Models and trends established across collections of species are used as a tool to try to understand the complex relationship between metabolism and aging, meaning how exactly the natural variations between individuals and species arise from the behavior of cells and interaction with the surrounding environment. This is something of a sideshow to the main business of rejuvenation research, but since the scientific impulse is to map and understand, there is much more of the sideshow taking place than actual efforts to repair the causes of aging. In this slow and expensive business of deciphering the detailed progression of aging, the greatest insight can arise from the outlying examples that do not fit into the models and hypotheses that manage to explain most observations. Some of the various long-lived mole-rat species provide good examples of the type, as illustrated by this open access paper.
Reproduction is an energetically expensive process that supposedly impairs somatic integrity in the long term, because resources are limited and have to be allocated between reproduction and somatic maintenance, as predicted by the life history trade-off model. The consequence of reduced investment in somatic maintenance is a gradual deterioration of function, i.e. senescence. However, this classical trade-off model gets challenged by an increasing number of contradicting studies that show no negative effect of high metabolic rate on lifespan, or even a positive association. Consequently, more research is needed to gather representative data from animals with different life histories, to gain a comprehensive understanding of how life history trade-offs influence lifespan.
Ansell's mole-rats (Fukomys anselli) are subterranean rodents with an extraordinary long lifespan, 22 years being the maximum recorded age thus far. They live in multigenerational families where typically only the founder pair (breeders) reproduces. Most of the offspring (non-breeders) forego reproduction and remain in the natal family. A clear contradiction to the classic trade-off model has been shown in this species: breeding individuals live up to twice as long as their non-breeding counterparts, a feature which is unique amongst mammals. Previous studies showed that daily activity between breeders and non-breeders does not show differences, and social rank does not influence life expectancy. Hence, extrinsic factors like aggression, fighting and higher workload in non-breeders are not likely to influence the lifespan difference. Here, we test the hypothesis that breeders and non-breeders of Ansell's mole-rats differ in their mass specific resting metabolic rate (msRMR), as a possible approach to understand the bimodal aging pattern.
Low msRMR is a common trait in bathyergid rodents interpreted as an adaptation to the subterranean habitat, and our measurements generally confirm previous studies. However, our finding that long-lived breeders of F. anselli have higher metabolic rates compared to shorter-lived non-breeders is novel. This aspect is most interesting since investment in reproduction was long thought to impair somatic maintenance according to the classical trade-off model, but recent findings refer to the trade-off model as being too simplistic. Especially in terms of female reproduction, a meta-analysis from different homeothermic vertebrates has shown that in intraspecific comparisons between breeders and non-breeders, breeders had lower levels of oxidative damage in certain tissues.
This effect could be attributed to upregulation of antioxidant defense mechanisms, such as glutathione or superoxide dismutase activity, which shows a tissue-dependent upregulation in several species during reproduction. This oxidative shielding hypothesis, even if not consistent across different studies, suggests a reproduction-induced protection of mothers and offspring. Ansell's mole-rats are continuously reproducing once they achieve the reproductive status.
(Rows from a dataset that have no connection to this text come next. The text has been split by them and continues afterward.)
subsection \<open>The coalgebra side\<close>

lemma cyclic_coalg_lhs_eq:
  fixes B :: "'i::finite \<Rightarrow> 'i \<Rightarrow> 'k::comm_ring_1"
  assumes fd: "form_degree deg d B" and ha: "homog deg p a" and r: "r = Suc (length K)"
  shows "(\<Sum>m\<in>UNIV. koszul (int r + deg m * (p + int r)) * bform B a (bvec m) * coprod D r b (m # K))
     = (\<Sum>x\<in>UNIV. \<Sum>y\<in>UNIV.
          a x * b y * (koszul (int r + (d - deg x) * (deg x + int r)) * contract_first B D x y K))"
proof -
  have "(\<Sum>m\<in>UNIV. koszul (int r + deg m * (p + int r)) * bform B a (bvec m) * coprod D r b (m # K))
     = (\<Sum>m\<in>UNIV. \<Sum>x\<in>UNIV. \<Sum>y\<in>UNIV.
          a x * b y * (koszul (int r + deg m * (p + int r)) * B x m * D r y (m # K)))"
    by (simp add: bform_bvec_right coprod_def sum_distrib_left sum_distrib_right mult_ac)
  also have "\<dots> = (\<Sum>x\<in>UNIV. \<Sum>y\<in>UNIV. \<Sum>m\<in>UNIV.
          a x * b y * (koszul (int r + deg m * (p + int r)) * B x m * D r y (m # K)))"
    by (subst sum.swap, rule sum.cong[OF refl], subst sum.swap, rule refl)
  also have "\<dots> = (\<Sum>x\<in>UNIV. \<Sum>y\<in>UNIV.
          a x * b y * (koszul (int r + (d - deg x) * (deg x + int r)) * contract_first B D x y K))"
  proof (intro sum.cong refl)
    fix x y
    show "(\<Sum>m\<in>UNIV. a x * b y * (koszul (int r + deg m * (p + int r)) * B x m * D r y (m # K)))
      = a x * b y * (koszul (int r + (d - deg x) * (deg x + int r)) * contract_first B D x y K)"
    proof (cases "a x = 0")
      case False
      then have "deg x = p" using ha by (auto simp: homog_def)
      then show ?thesis
        unfolding contract_first_def r[symmetric] sum_distrib_left
        by (intro sum.cong refl) (simp add: koszul_gram_degree[OF fd] mult.assoc)
    qed simp
  qed
  finally show ?thesis .
qed

lemma cyclic_coalg_rhs_eq:
  fixes B :: "'i::finite \<Rightarrow> 'i \<Rightarrow> 'k::comm_ring_1"
  assumes r: "r = Suc (length K)"
  shows "(\<Sum>m\<in>UNIV. bform B b (bvec m) * coprod D r a (K @ [m]))
     = (\<Sum>x\<in>UNIV. \<Sum>y\<in>UNIV. a x * b y * contract_last B D y x K)"
proof -
  have "(\<Sum>m\<in>UNIV. bform B b (bvec m) * coprod D r a (K @ [m]))
     = (\<Sum>m\<in>UNIV. \<Sum>x\<in>UNIV. \<Sum>y\<in>UNIV. a x * b y * (B y m * D r x (K @ [m])))"
    by (simp add: bform_bvec_right coprod_def sum_distrib_left sum_distrib_right mult_ac)
  also have "\<dots> = (\<Sum>x\<in>UNIV. \<Sum>y\<in>UNIV. \<Sum>m\<in>UNIV. a x * b y * (B y m * D r x (K @ [m])))"
    by (subst sum.swap, rule sum.cong[OF refl], subst sum.swap, rule refl)
  also have "\<dots> = (\<Sum>x\<in>UNIV. \<Sum>y\<in>UNIV. a x * b y * contract_last B D y x K)"
    by (simp add: contract_last_def r sum_distrib_left)
  finally show ?thesis .
qed
(* Let $\mathcal R$ be a commutative ring with identity, $\mathcal M,\mathcal N$ modules over $\mathcal R$, $\Omega\subseteq\mathcal M_{\mathrm{nc}}$ a right admissible nc set, $f:\Omega\to\mathcal N_{\mathrm{nc}}$ a nc function, $n\in\mathbb N$ and $Y\in\Omega_n$. Then for each $N\in\mathbb N$ and every $X\in\Omega_n$, $$f(X)=\sum_{\ell=0}^N\Delta_R^\ell f(\underbrace{Y,\dots,Y}_{\ell+1})(\underbrace{X-Y,\dots,X-Y}_{\ell})+\Delta_R^{N+1}f(\underbrace{Y,\dots,Y}_{N+1},X)(\underbrace{X-Y,\dots,X-Y}_{N+1}).$$
   Context: $\mathcal M_{\mathrm{nc}}=\coprod_{n\ge1}\mathcal M^{n\times n}$; matrices over $\mathcal R$ act on matrices over $\mathcal M,\mathcal N$ by matrix multiplication; $X\oplus Y=\begin{bmatrix}X&0\\0&Y\end{bmatrix}$. A nc set is a subset $\Omega\subseteq\mathcal M_{\mathrm{nc}}$ closed under direct sums, $\Omega_n=\Omega\cap\mathcal M^{n\times n}$. A nc function $f:\Omega\to\mathcal N_{\mathrm{nc}}$ satisfies $f(\Omega_n)\subseteq\mathcal N^{n\times n}$, $f(X\oplus Y)=f(X)\oplus f(Y)$, and $f(SXS^{-1})=Sf(X)S^{-1}$ whenever $S\in\mathcal R^{n\times n}$ is invertible and $X,SXS^{-1}\in\Omega_n$. $\Omega$ is right admissible if for all $X\in\Omega_n$, $Y\in\Omega_m$, $Z\in\mathcal M^{n\times m}$ there is an invertible $r\in\mathcal R$ with $\begin{bmatrix}X&rZ\\0&Y\end{bmatrix}\in\Omega_{n+m}$. Higher order difference-differential operators: let $\tilde\Omega=\{SXS^{-1}: X\in\Omega_n,\ S\in\mathcal R^{n\times n}\text{ invertible},\ n\in\mathbb N\}$; $f$ extends uniquely to a nc function $\tilde f$ on $\tilde\Omega$ by $\tilde f(SXS^{-1})=Sf(X)S^{-1}$. If $\Omega$ is right admissible, then for $X^j\in\Omega_{n_j}$ ($j=0,\dots,\ell$) and $Z^j\in\mathcal M^{n_{j-1}\times n_j}$ ($j=1,\dots,\ell$), the block upper bidiagonal matrix $B$ with diagonal blocks $X^0,\dots,X^\ell$, blocks $Z^1,\dots,Z^\ell$ directly above the diagonal and zeros elsewhere lies in $\tilde\Omega$, and $\Delta_R^\ell f(X^0,\dots,X^\ell)(Z^1,\dots,Z^\ell)\in\mathcal N^{n_0\times n_\ell}$ denotes the $(1,\ell+1)$ block entry of $\tilde f(B)$; it is $\mathcal R$-multilinear in $(Z^1,\dots,Z^\ell)$, and $\Delta_R^0f=f$. *)

theory Defs
  imports Main "HOL.Modules" "HOL-Library.Function_Algebras"
begin

text \<open>Matrices over a type 'a are encoded as functions nat => nat => 'a (0-based indices);
  a matrix of size p x q is one that vanishes outside [0,p) x [0,q).  Pointwise
  addition/subtraction/sums of matrices come from Function_Algebras.  An element
  X of Omega_n is a pair (n, X) in Omega.  Modules over R are given by the
  library locale module with scalar multiplications scM, scN.\<close>

type_synonym 'a mat = "nat \<Rightarrow> nat \<Rightarrow> 'a"

definition mat_on :: "nat \<Rightarrow> nat \<Rightarrow> ('a::zero) mat \<Rightarrow> bool" where
  "mat_on p q X \<longleftrightarrow> (\<forall>i j. (p \<le> i \<or> q \<le> j) \<longrightarrow> X i j = 0)"

definition rmatmul :: "nat \<Rightarrow> ('r::comm_ring_1) mat \<Rightarrow> 'r mat \<Rightarrow> 'r mat" where
  "rmatmul n S T = (\<lambda>i j. \<Sum>k<n. S i k * T k j)"

definition idm :: "nat \<Rightarrow> ('r::comm_ring_1) mat" where
  "idm n = (\<lambda>i j. if i = j \<and> i < n then 1 else 0)"

definition inv_pair :: "nat \<Rightarrow> ('r::comm_ring_1) mat \<Rightarrow> 'r mat \<Rightarrow> bool" where
  "inv_pair n S T \<longleftrightarrow> mat_on n n S \<and> mat_on n n T \<and>
     rmatmul n S T = idm n \<and> rmatmul n T S = idm n"

definition lact :: "('r::comm_ring_1 \<Rightarrow> 'm::ab_group_add \<Rightarrow> 'm) \<Rightarrow> nat \<Rightarrow> 'r mat \<Rightarrow> 'm mat \<Rightarrow> 'm mat" where
  "lact sc n S X = (\<lambda>i j. \<Sum>k<n. sc (S i k) (X k j))"

definition ract :: "('r::comm_ring_1 \<Rightarrow> 'm::ab_group_add \<Rightarrow> 'm) \<Rightarrow> nat \<Rightarrow> 'm mat \<Rightarrow> 'r mat \<Rightarrow> 'm mat" where
  "ract sc n X T = (\<lambda>i j. \<Sum>k<n. sc (T k j) (X i k))"

definition sim :: "('r::comm_ring_1 \<Rightarrow> 'm::ab_group_add \<Rightarrow> 'm) \<Rightarrow> nat \<Rightarrow> 'r mat \<Rightarrow> 'm mat \<Rightarrow> 'r mat \<Rightarrow> 'm mat" where
  "sim sc n S X T = ract sc n (lact sc n S X) T"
Oxidative shielding might protect the animals from detrimental pregnancy effects due to a higher energy turnover in female breeders compared to non-breeders. However, the bimodal lifespan in Ansell's mole-rats is not sex-dependent, indicating a general effect in terms of reproductive status, msRMR, and lifespan rather than just a pregnancy effect restricted to females.
Oxidative stress as a main factor contributing to life history trade-offs is getting challenged by increasing contradictory studies. The uncoupling-to-survive hypothesis complements simplistic theories of senescence by explaining apparent exceptions. It suggests that elevated oxygen consumption, a measure for msRMR in the present study, could be also observed due to uncoupling of proton flux in the mitochondria. This process, also referred to as inducible proton-leak, is facilitated by uncoupling proteins and increases RMR. On the other hand, inducible proton-leak is known to reduce ROS production by reducing mitochondrial membrane potentials. Hence the higher msRMR measured in breeders of Ansell's mole-rats could be due to higher rates of mitochondrial uncoupling compared to non-breeders.
Several studies found higher rates of uncoupling in those laboratory mice that lived longer compared to other individuals with shorter lifespans. However, in the case of mole-rats this model should be considered carefully, since in naked mole-rats, surprisingly high levels of oxidative damage to DNA, lipids and proteins were found, which contrasts with the proposed benefit of mitochondrial uncoupling. In general, our finding stresses the complexity of currently discussed aging mechanisms.